=== Dataset content ===

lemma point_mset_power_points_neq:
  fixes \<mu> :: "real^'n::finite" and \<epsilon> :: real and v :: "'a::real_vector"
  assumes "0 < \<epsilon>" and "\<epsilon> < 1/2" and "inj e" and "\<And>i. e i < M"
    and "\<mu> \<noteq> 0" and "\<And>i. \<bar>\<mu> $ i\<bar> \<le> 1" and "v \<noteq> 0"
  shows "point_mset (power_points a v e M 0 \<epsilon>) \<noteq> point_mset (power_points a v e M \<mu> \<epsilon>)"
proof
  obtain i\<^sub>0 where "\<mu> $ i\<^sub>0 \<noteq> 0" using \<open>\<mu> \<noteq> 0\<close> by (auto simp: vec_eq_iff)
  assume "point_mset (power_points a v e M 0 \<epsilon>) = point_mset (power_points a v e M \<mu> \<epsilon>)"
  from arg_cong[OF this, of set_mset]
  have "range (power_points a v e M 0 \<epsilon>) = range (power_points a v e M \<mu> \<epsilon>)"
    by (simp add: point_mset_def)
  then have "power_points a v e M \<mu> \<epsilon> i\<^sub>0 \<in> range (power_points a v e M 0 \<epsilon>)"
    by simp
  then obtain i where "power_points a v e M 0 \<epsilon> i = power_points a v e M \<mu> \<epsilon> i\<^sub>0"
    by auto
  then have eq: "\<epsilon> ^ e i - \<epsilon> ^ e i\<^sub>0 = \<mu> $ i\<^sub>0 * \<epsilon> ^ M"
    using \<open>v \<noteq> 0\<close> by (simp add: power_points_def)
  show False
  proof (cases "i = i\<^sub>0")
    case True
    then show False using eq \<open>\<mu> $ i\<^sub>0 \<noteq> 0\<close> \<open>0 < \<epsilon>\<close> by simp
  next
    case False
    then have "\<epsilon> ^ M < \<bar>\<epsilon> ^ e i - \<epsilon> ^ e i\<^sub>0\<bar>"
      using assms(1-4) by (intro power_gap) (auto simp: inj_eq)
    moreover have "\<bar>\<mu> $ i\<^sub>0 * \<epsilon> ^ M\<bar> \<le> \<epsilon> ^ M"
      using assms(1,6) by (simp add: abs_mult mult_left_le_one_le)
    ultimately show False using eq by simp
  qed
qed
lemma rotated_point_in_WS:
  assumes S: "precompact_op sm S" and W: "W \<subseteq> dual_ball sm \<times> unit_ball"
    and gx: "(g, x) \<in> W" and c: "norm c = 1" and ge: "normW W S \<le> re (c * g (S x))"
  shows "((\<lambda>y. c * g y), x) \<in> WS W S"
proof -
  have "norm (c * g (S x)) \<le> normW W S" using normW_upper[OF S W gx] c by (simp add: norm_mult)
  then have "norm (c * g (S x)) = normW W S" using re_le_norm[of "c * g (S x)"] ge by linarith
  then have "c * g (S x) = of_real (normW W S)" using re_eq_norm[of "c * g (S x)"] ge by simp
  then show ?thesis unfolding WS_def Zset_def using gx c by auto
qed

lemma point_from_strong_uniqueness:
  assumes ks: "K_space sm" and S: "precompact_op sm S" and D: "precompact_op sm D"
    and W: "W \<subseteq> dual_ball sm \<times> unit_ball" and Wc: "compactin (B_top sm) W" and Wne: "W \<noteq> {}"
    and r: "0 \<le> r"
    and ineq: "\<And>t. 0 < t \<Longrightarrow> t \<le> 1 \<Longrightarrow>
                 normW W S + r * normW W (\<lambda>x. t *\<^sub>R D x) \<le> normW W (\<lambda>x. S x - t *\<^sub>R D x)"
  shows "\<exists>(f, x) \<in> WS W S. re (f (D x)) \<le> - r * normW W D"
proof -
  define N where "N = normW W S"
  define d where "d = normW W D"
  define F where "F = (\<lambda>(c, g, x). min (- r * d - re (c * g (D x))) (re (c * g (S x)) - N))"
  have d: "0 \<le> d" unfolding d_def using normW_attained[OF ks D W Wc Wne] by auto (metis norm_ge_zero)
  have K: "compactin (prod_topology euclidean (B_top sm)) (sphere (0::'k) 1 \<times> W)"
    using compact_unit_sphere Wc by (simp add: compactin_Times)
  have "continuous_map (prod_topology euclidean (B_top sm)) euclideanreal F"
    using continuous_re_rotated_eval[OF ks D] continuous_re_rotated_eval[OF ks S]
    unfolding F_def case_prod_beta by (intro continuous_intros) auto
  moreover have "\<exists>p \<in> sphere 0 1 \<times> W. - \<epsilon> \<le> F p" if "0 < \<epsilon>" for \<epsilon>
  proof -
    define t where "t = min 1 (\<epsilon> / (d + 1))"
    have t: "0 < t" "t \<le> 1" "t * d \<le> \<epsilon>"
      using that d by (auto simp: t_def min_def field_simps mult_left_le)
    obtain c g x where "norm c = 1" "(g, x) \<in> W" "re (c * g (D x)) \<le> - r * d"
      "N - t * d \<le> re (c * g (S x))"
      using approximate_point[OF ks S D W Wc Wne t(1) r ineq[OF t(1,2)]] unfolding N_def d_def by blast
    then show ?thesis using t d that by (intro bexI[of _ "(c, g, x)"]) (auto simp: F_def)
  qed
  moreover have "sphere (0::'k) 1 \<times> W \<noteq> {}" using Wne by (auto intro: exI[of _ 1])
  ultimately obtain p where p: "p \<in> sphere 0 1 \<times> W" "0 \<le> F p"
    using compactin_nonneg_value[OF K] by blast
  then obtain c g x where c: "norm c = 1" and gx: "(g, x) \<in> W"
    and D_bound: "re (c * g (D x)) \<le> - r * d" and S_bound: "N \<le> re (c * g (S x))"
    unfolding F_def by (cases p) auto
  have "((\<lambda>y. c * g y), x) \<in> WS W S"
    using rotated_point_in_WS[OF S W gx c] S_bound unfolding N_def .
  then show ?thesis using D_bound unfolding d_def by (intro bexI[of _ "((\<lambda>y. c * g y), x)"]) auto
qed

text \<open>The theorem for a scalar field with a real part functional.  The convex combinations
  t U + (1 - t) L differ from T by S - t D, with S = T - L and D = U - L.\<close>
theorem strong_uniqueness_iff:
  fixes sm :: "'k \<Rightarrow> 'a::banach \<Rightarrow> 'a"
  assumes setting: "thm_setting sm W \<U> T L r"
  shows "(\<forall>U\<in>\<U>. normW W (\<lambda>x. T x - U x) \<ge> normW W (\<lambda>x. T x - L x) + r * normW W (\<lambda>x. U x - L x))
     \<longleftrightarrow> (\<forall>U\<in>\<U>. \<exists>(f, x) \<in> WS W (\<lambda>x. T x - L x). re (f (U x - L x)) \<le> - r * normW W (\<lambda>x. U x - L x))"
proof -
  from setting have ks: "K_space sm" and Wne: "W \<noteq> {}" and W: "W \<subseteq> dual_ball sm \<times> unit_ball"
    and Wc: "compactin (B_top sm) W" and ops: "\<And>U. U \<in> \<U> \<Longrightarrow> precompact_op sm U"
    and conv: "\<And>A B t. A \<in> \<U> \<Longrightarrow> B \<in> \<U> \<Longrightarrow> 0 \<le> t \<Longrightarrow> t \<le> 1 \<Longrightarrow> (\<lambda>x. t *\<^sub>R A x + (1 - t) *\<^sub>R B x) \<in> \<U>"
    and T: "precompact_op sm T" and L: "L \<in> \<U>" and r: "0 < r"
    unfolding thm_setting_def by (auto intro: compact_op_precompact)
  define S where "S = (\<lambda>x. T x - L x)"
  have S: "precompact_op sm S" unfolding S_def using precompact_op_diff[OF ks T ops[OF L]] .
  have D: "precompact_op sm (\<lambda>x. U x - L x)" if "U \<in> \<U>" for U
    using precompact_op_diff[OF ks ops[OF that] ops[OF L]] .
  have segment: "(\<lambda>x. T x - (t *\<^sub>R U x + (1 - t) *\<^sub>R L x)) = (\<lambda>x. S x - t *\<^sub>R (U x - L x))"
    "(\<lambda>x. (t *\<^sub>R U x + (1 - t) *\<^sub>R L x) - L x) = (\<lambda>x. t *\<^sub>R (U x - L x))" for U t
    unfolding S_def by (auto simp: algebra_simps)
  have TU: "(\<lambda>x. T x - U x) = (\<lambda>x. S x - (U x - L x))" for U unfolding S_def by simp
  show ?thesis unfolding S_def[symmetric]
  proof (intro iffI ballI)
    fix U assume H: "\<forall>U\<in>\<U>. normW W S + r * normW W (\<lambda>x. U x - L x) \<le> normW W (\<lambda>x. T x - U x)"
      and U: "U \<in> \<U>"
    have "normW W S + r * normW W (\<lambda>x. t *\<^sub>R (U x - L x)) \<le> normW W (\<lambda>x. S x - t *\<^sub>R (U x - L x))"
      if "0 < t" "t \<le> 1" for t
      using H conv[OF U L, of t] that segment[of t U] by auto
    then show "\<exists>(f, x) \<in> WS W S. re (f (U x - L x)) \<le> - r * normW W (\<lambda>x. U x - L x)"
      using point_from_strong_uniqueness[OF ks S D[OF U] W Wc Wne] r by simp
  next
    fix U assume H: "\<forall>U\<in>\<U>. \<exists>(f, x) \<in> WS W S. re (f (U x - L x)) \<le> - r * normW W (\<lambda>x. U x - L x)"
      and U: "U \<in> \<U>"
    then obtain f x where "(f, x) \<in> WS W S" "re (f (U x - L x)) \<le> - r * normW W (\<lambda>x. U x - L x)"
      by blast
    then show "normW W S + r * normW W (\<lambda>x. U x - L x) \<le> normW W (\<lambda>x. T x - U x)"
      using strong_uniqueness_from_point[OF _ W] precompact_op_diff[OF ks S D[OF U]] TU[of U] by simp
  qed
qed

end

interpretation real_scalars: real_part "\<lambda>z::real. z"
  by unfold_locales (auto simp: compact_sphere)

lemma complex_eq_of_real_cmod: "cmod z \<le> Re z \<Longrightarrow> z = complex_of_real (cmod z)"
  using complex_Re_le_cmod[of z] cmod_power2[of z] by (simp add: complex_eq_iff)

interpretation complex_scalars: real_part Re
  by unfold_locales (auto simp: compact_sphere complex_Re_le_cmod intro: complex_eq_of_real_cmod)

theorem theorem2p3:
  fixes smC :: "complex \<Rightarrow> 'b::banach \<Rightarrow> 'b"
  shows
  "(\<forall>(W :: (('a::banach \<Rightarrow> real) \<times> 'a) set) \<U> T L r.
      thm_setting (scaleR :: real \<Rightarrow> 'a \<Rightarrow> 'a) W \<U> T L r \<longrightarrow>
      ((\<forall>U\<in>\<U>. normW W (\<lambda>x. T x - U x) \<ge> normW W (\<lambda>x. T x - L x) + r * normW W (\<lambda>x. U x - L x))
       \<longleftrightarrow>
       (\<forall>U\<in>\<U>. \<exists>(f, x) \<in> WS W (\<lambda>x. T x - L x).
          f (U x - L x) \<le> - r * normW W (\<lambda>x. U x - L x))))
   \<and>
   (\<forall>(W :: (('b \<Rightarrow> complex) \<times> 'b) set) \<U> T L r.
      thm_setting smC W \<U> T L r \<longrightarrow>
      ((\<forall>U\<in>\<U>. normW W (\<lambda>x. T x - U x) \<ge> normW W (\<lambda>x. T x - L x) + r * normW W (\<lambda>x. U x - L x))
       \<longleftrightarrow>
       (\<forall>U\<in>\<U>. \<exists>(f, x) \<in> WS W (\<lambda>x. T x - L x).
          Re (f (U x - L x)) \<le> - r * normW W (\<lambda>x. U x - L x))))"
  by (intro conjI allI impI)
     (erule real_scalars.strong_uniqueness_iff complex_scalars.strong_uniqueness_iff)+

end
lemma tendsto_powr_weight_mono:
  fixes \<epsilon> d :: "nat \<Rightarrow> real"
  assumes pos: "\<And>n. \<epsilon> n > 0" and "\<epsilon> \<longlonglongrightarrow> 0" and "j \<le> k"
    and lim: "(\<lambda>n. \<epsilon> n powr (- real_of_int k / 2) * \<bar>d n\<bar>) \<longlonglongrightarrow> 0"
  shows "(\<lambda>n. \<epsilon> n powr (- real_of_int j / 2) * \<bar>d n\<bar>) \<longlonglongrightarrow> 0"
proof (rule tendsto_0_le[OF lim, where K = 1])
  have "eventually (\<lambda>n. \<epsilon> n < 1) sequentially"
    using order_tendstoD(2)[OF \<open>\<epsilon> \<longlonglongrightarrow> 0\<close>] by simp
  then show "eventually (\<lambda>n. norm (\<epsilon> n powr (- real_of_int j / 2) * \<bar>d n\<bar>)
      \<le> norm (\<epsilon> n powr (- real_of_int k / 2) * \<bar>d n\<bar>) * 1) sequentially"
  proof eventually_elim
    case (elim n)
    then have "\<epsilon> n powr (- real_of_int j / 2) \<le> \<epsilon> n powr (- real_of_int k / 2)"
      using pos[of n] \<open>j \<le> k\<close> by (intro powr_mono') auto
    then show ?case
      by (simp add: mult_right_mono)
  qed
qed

===

The answer must consist of every line from the entries that holds the string "sequentially".

→ Your response
  have "eventually (\<lambda>n. \<epsilon> n < 1) sequentially"
      \<le> norm (\<epsilon> n powr (- real_of_int k / 2) * \<bar>d n\<bar>) * 1) sequentially"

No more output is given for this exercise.